DATA EXCERPTS:
lemma convex_on_joint_sum:
  fixes \<phi> :: "'a::real_vector \<Rightarrow> 'b::real_vector \<Rightarrow> real"
  assumes "convex_on UNIV (\<lambda>(u, w). \<phi> u w)" and "finite I"
    and "\<forall>i\<in>I. \<alpha> i \<ge> 0" "sum \<alpha> I = 1"
  shows "\<phi> (\<Sum>i\<in>I. \<alpha> i *\<^sub>R u i) (\<Sum>i\<in>I. \<alpha> i *\<^sub>R w i) \<le> (\<Sum>i\<in>I. \<alpha> i * \<phi> (u i) (w i))"
proof -
  have "(\<lambda>(u, w). \<phi> u w) (\<Sum>i\<in>I. \<alpha> i *\<^sub>R (u i, w i)) \<le> (\<Sum>i\<in>I. \<alpha> i * (\<lambda>(u, w). \<phi> u w) (u i, w i))"
    by (rule convex_on_sum[OF assms(2) _ assms(1)]) (use assms in auto)
  moreover have "(\<Sum>i\<in>I. \<alpha> i *\<^sub>R (u i, w i)) = (\<Sum>i\<in>I. \<alpha> i *\<^sub>R u i, \<Sum>i\<in>I. \<alpha> i *\<^sub>R w i)"
    by (simp add: fst_sum snd_sum prod_eq_iff)
  ultimately show ?thesis by simp
qed

lemma Vstar_attained: "\<exists>\<delta>'\<in>binvecs. Vstar f g h K \<theta> = Vstar_d f g h K \<delta>' \<theta>"
proof -
  have "Inf ((\<lambda>\<delta>'. Vstar_d f g h K \<delta>' \<theta>) ` binvecs) \<in> (\<lambda>\<delta>'. Vstar_d f g h K \<delta>' \<theta>) ` binvecs"
    by (rule finite_Inf_in) (use finite_binvecs zero_in_binvecs in \<open>auto simp: inf_min min_def\<close>)
  thus ?thesis unfolding Vstar_def by auto
qed

lemma Vstar_le_feasible:
  assumes "\<delta> \<in> binvecs" and "x \<in> feas g h K \<delta> \<theta>"
  shows "Vstar f g h K \<theta> \<le> ereal (f \<theta> x \<delta>)"
proof -
  have "Vstar f g h K \<theta> \<le> Vstar_d f g h K \<delta> \<theta>"
    unfolding Vstar_def using assms(1) by (rule INF_lower)
  also have "\<dots> \<le> ereal (f \<theta> x \<delta>)"
    unfolding Vstar_d_def using assms(2) by (rule INF_lower)
  finally show ?thesis .
qed

lemma Vstar_d_infeasible:
  assumes "\<theta> \<notin> Theta_d g h K \<delta>"
  shows "Vstar_d f g h K \<delta> \<theta> = \<infinity>"
  using assms unfolding Theta_d_def Vstar_d_def by (simp add: top_ereal_def)

lemma gap_Vstar_le_SUP_gap:
  fixes F :: "real^'p \<Rightarrow> ereal"
  assumes "\<theta> \<in> R" and "Vstar f g h K \<theta> \<noteq> \<infinity>"
  shows "F \<theta> - Vstar f g h K \<theta>
           \<le> (SUP (\<theta>, \<delta>')\<in>{(\<theta>, \<delta>'). \<theta> \<in> R \<and> \<delta>' \<in> binvecs \<and> \<theta> \<in> Theta_d g h K \<delta>'}.
                F \<theta> - Vstar_d f g h K \<delta>' \<theta>)"
proof -
  obtain \<delta>' where \<delta>': "\<delta>' \<in> binvecs" "Vstar f g h K \<theta> = Vstar_d f g h K \<delta>' \<theta>"
    using Vstar_attained by blast
  hence "\<theta> \<in> Theta_d g h K \<delta>'" using assms(2) Vstar_d_infeasible by metis
  thus ?thesis unfolding \<delta>'(2)
    by (intro SUP_upper2[where i="(\<theta>, \<delta>')"]) (use assms(1) \<delta>'(1) in auto)
qed

lemma ereal_gap_le_max_tolerance:
  fixes V Vinf ea :: ereal and a b \<epsilon>a \<epsilon>r :: real
  assumes a_le_b: "a \<le> b" and gap: "ereal b - V \<le> ea" and V_finite: "V \<noteq> \<infinity>"
    and Vinf_le: "Vinf \<le> V" and \<epsilon>r_nonneg: "\<epsilon>r \<ge> 0"
    and tol: "ea \<le> ereal \<epsilon>a \<or> (Vinf > 0 \<and> ea / Vinf \<le> ereal \<epsilon>r)"
  shows "ereal a - V \<le> max (ereal \<epsilon>a) (ereal \<epsilon>r * V)"
  using tol
proof
  assume "ea \<le> ereal \<epsilon>a"
  moreover have "ereal a - V \<le> ereal b - V"
    using a_le_b by (intro ereal_minus_mono) auto
  ultimately show ?thesis using gap by (meson max.coboundedI1 order_trans)
next
  assume rel: "Vinf > 0 \<and> ea / Vinf \<le> ereal \<epsilon>r"
  then obtain vi vv where vi: "Vinf = ereal vi" "V = ereal vv" "vi > 0" "vi \<le> vv"
    using Vinf_le V_finite by (cases Vinf; cases V) auto
  obtain e where e: "ea = ereal e"
    using gap rel vi by (cases ea) auto
  have "e \<le> \<epsilon>r * vi" using rel vi e by (simp add: divide_le_eq)
  also have "\<dots> \<le> \<epsilon>r * vv" using vi \<epsilon>r_nonneg by (simp add: mult_left_mono)
  finally have "a - vv \<le> \<epsilon>r * vv" using gap a_le_b e vi by simp
  thus ?thesis using vi by (simp add: max.coboundedI2)
qed

theorem theorem7:
  fixes f :: "real^'p \<Rightarrow> real^'n \<Rightarrow> real^'m \<Rightarrow> real"
    and g :: "real^'p \<Rightarrow> real^'n \<Rightarrow> real^'m \<Rightarrow> real^'l"
    and h :: "real^'p \<Rightarrow> real^'n \<Rightarrow> real^'m \<Rightarrow> real^'d"
    and K :: "(real^'d) set"
    and \<delta> :: "real^'m"
    and \<epsilon>a \<epsilon>r :: real
    and v :: "'i::finite \<Rightarrow> real^'p"
    and xs :: "'i \<Rightarrow> real^'n"
  assumes K_cone: "convex_cone K" and K_prod: "product_of_convex_cones K"
    and f_cvx: "\<And>\<delta>'. \<delta>' \<in> binvecs \<Longrightarrow> convex_on UNIV (\<lambda>(\<theta>, x). f \<theta> x \<delta>')"
    and g_aff: "\<And>\<delta>'. \<delta>' \<in> binvecs \<Longrightarrow> affine_map (\<lambda>(\<theta>, x). g \<theta> x \<delta>')"
    and h_aff: "\<And>\<delta>'. \<delta>' \<in> binvecs \<Longrightarrow> affine_map (\<lambda>(\<theta>, x). h \<theta> x \<delta>')"
    and \<delta>_bin: "\<delta> \<in> binvecs"
    and \<epsilon>r_nonneg: "\<epsilon>r \<ge> 0"
    and card_i: "CARD('i) = CARD('p) + 1"
    and v_inj: "inj v"
    and v_indep: "\<not> affine_dependent (range v)"
    and R_sub: "convex hull (range v) \<subseteq> Theta_d g h K \<delta>"
    and xs_opt: "\<And>i. xs i \<in> feas g h K \<delta> (v i) \<and> ereal (f (v i) (xs i) \<delta>) = Vstar_d f g h K \<delta> (v i)"
    and tol: "(let Vbar = (\<lambda>\<theta>. \<Sum>i\<in>UNIV. ereal (baryc v \<theta> i) * Vstar_d f g h K \<delta> (v i));
                   ea = (SUP (\<theta>, \<delta>')\<in>{(\<theta>, \<delta>'). \<theta> \<in> convex hull (range v) \<and> \<delta>' \<in> binvecs \<and> \<theta> \<in> Theta_d g h K \<delta>'}.
                           Vbar \<theta> - Vstar_d f g h K \<delta>' \<theta>);
                   Vinf = (INF \<theta>\<in>convex hull (range v). Vstar f g h K \<theta>)
               in ea \<le> ereal \<epsilon>a \<or> (Vinf > 0 \<and> ea / Vinf \<le> ereal \<epsilon>r))"
  shows "\<forall>\<alpha>. (\<forall>i. \<alpha> i \<ge> 0) \<and> sum \<alpha> UNIV = 1 \<longrightarrow>
           (let \<theta> = (\<Sum>i\<in>UNIV. \<alpha> i *\<^sub>R v i); xstar = (\<Sum>i\<in>UNIV. \<alpha> i *\<^sub>R xs i)
            in ereal (f \<theta> xstar \<delta>) - Vstar f g h K \<theta>
                 \<le> max (ereal \<epsilon>a) (ereal \<epsilon>r * Vstar f g h K \<theta>))"
proof (intro allI impI)
  fix \<alpha> :: "'i \<Rightarrow> real"
  assume \<alpha>: "(\<forall>i. \<alpha> i \<ge> 0) \<and> sum \<alpha> UNIV = 1"
  define \<theta> where "\<theta> = (\<Sum>i\<in>UNIV. \<alpha> i *\<^sub>R v i)"
  define V where "V = Vstar f g h K \<theta>"
  define Vb where "Vb = (\<Sum>i\<in>UNIV. \<alpha> i * f (v i) (xs i) \<delta>)"
  define Vbar where "Vbar = (\<lambda>\<theta>. \<Sum>i\<in>UNIV. ereal (baryc v \<theta> i) * Vstar_d f g h K \<delta> (v i))"
  define ea where "ea = (SUP (\<theta>, \<delta>')\<in>{(\<theta>, \<delta>'). \<theta> \<in> convex hull (range v) \<and> \<delta>' \<in> binvecs \<and> \<theta> \<in> Theta_d g h K \<delta>'}.
                           Vbar \<theta> - Vstar_d f g h K \<delta>' \<theta>)"
  define Vinf where "Vinf = (INF \<theta>\<in>convex hull (range v). Vstar f g h K \<theta>)"
  have \<theta>_in: "\<theta> \<in> convex hull (range v)"
    unfolding \<theta>_def by (rule convex_sum) (use \<alpha> in \<open>auto intro: hull_inc\<close>)
  then obtain x0 where "x0 \<in> feas g h K \<delta> \<theta>" using R_sub unfolding Theta_d_def by auto
  hence V_finite: "V \<noteq> \<infinity>"
    unfolding V_def using Vstar_le_feasible[OF \<delta>_bin, of x0 g h K \<theta> f] by auto
  have "Vbar \<theta> = ereal Vb"
    unfolding Vbar_def \<theta>_def baryc_convex_combination[OF v_inj v_indep \<alpha>[THEN conjunct1] \<alpha>[THEN conjunct2]]
      Vb_def sum_ereal[symmetric] using xs_opt by (intro sum.cong) (auto simp: times_ereal.simps(1)[symmetric])
  hence gap: "ereal Vb - V \<le> ea"
    unfolding ea_def V_def using gap_Vstar_le_SUP_gap[OF \<theta>_in V_finite[unfolded V_def], of Vbar] by simp
  have jensen: "f \<theta> (\<Sum>i\<in>UNIV. \<alpha> i *\<^sub>R xs i) \<delta> \<le> Vb"
    unfolding \<theta>_def Vb_def by (rule convex_on_joint_sum[OF f_cvx[OF \<delta>_bin]]) (use \<alpha> in auto)
  have "Vinf \<le> V" unfolding Vinf_def V_def using \<theta>_in by (rule INF_lower)
  moreover have "ea \<le> ereal \<epsilon>a \<or> (Vinf > 0 \<and> ea / Vinf \<le> ereal \<epsilon>r)"
    using tol unfolding Vbar_def ea_def Vinf_def Let_def by simp
  ultimately have "ereal (f \<theta> (\<Sum>i\<in>UNIV. \<alpha> i *\<^sub>R xs i) \<delta>) - V \<le> max (ereal \<epsilon>a) (ereal \<epsilon>r * V)"
    by (rule ereal_gap_le_max_tolerance[OF jensen gap V_finite _ \<epsilon>r_nonneg])
  thus "let \<theta> = (\<Sum>i\<in>UNIV. \<alpha> i *\<^sub>R v i); xstar = (\<Sum>i\<in>UNIV. \<alpha> i *\<^sub>R xs i)
            in ereal (f \<theta> xstar \<delta>) - Vstar f g h K \<theta> \<le> max (ereal \<epsilon>a) (ereal \<epsilon>r * Vstar f g h K \<theta>)"
    unfolding Let_def \<theta>_def[symmetric] V_def .
qed

end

WHAT THIS TASK INVOLVES: Go over the data above and copy every line that has the word "infinity" in it.

PROBLEM SOLUTION:
  shows "Vstar_d f g h K \<delta> \<theta> = \<infinity>"
  assumes "\<theta> \<in> R" and "Vstar f g h K \<theta> \<noteq> \<infinity>"
  assumes a_le_b: "a \<le> b" and gap: "ereal b - V \<le> ea" and V_finite: "V \<noteq> \<infinity>"
  hence V_finite: "V \<noteq> \<infinity>"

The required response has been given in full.